Search code examples
rdplyrsurvey

lapply to run to run two anonymous functions simultaneously


I have data such as this. I am using the survey package to produce the MEAN, SE and FREQ of each variables in the vector named vars.

library(survey)

df <- data.frame(sex = c('F', 'M', NA, 'M', 'M', 'M', 'F', 'F'),
                 married = c(1,1,1,1,0,0,1,1),
                 pens = c(0, 1, 1, NA, 1, 1, 0, 0),
                 weight = c(1.12, 0.55, 1.1, 0.6, 0.23, 0.23, 0.66, 0.67))


vars <- c("sex","married","pens")

This is my survey design:

design <- svydesign(ids=~1, data=df, weights=~weight)

I am using lapply to find the means:

lapply(vars, function(x) 
    svymean(as.formula(paste0('~interaction(', x, ')')), design, na.rm = T))

I am using lapply to find the freqs:

lapply(vars, function(x) 
    svytable(as.formula(paste0('~interaction(', x, ')')), design))

Is there a way to run lapply over these two functions as the same tine? I would like my output to look like this:

                   mean     SE     freq
interaction(sex)F 0.60345 0.2067    2.45
interaction(sex)M 0.39655 0.2067    1.61

I tried:

lapply(vars, function(x) 
  svymean(as.formula(paste0('~interaction(', x, ')')),
  svytable(as.formula(paste0('~interaction(', x, ')')), design)))

Solution

  • The best way would just be to have the function return both results in a list. But also honestly I find it better if things are getting complicated to create the function outside of the lapply.

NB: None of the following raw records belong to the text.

(* Let $G=(V,E)$ be a finite, undirected, unweighted, 2-vertex-connected graph with $n=|V|$ vertices. If $G$ contains a Hamiltonian path, then $G$ has a TSP tour of length at most $4n/3$.
   Context: A Hamiltonian path is a path in $G$ visiting every vertex exactly once. A TSP tour of $G$ is a closed walk in $G$ that visits every vertex at least once; its length is the number of edges traversed, counted with multiplicity. *)

theory Defs
  imports Main
begin

definition simple_graph :: "'a set \<Rightarrow> ('a \<Rightarrow> 'a \<Rightarrow> bool) \<Rightarrow> bool" where
  "simple_graph V E \<longleftrightarrow> finite V \<and> (\<forall>u v. E u v \<longrightarrow> u \<in> V \<and> v \<in> V)
     \<and> (\<forall>u v. E u v \<longrightarrow> E v u) \<and> (\<forall>v. \<not> E v v)"

definition is_walk :: "('a \<Rightarrow> 'a \<Rightarrow> bool) \<Rightarrow> 'a list \<Rightarrow> bool" where
  "is_walk E w \<longleftrightarrow> w \<noteq> [] \<and> (\<forall>i. Suc i < length w \<longrightarrow> E (w ! i) (w ! Suc i))"

definition connected_on :: "('a \<Rightarrow> 'a \<Rightarrow> bool) \<Rightarrow> 'a set \<Rightarrow> bool" where
  "connected_on E S \<longleftrightarrow> (\<forall>u\<in>S. \<forall>v\<in>S. \<exists>w. is_walk E w \<and> set w \<subseteq> S \<and> hd w = u \<and> last w = v)"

So this is what I would probably do:

    myfun <- function(x){
      means <- svymean(as.formula(paste0('~interaction(', x, ')')), design, na.rm = T)
      table <- svytable(as.formula(paste0('~interaction(', x, ')')), design)
      results <- list(svymean = means, svytable = table)
      return(results)
    }
    
    lapply(vars, myfun)
    

    You obviously could just do this as an anonymous function like...

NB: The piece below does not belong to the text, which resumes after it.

(* Let $X=X_1\times\cdots\times X_r$ with $X_i$ smooth algebraic $k$-varieties, and $a(\mathbf T)=\sum_{\mathbf n\in\mathbb N^r}a_{\mathbf n}\mathbf T^{\mathbf n}\in\overline{\mathscr M}_X^{\hat\mu}[[\mathbf T]]$, $\mathbf T=(T_1,\dots,T_r)$. If $a(\mathbf T)$ is integrable, then for every ordered cell $\Delta\subset\mathbb N^r$ the series $a_\Delta(\mathbf T):=\sum_{\mathbf n\in\Delta}a_{\mathbf n}\mathbf T^{\mathbf n}$ is integrable.
   Context: $k$ is a field of characteristic zero; $\overline{\mathscr M}_X^{\hat\mu}$ is the monodromic Grothendieck ring of $X$-varieties with good $\hat\mu$-action, localized at $\mathbb L$ and at the elements $1-\mathbb L^n$ ($n\ge1$). A series is integrable if it lies in $\overline{\mathscr M}_X^{\hat\mu}[\mathbf T][(1-\mathbb L^m\mathbf T^{\mathbf n})^{-1}]_{m<0,\ \mathbf n\in\mathbb N^r\setminus\{0\}}\subset\overline{\mathscr M}_X^{\hat\mu}[[\mathbf T]]$. For integers $0=r_0<r_1<\cdots<r_s=r$, the basic ordered cell $\Delta_{(r_0,\dots,r_s)}$ is the set of $\mathbf n\in\mathbb N^r$ with $n_{r_{j-1}+1}=\cdots=n_{r_j}$ for each $j$ and $n_{r_{j-1}}<n_{r_j}$ for $2\le j\le s$. An ordered cell is the image of a basic ordered cell under a coordinate permutation $(n_1,\dots,n_r)\mapsto(n_{\rho(1)},\dots,n_{\rho(r)})$. *)

theory Defs
  imports Main "HOL-Combinatorics.Permutations"
begin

    lapply(vars, function(x){
          means <- svymean(as.formula(paste0('~interaction(', x, ')')), design, na.rm = T)
          table <- svytable(as.formula(paste0('~interaction(', x, ')')), design)
          results <- list(svymean = means, svytable = table)
          return(results)
        })
    

    You don't necessarily even need to store the intermediate results

    lapply(vars, function(x){
          list(svymean = svymean(as.formula(paste0('~interaction(', x, ')')), design, na.rm = T), svytable = svytable(as.formula(paste0('~interaction(', x, ')')), design))})
    

    But hopefully you'll agree that isn't pretty.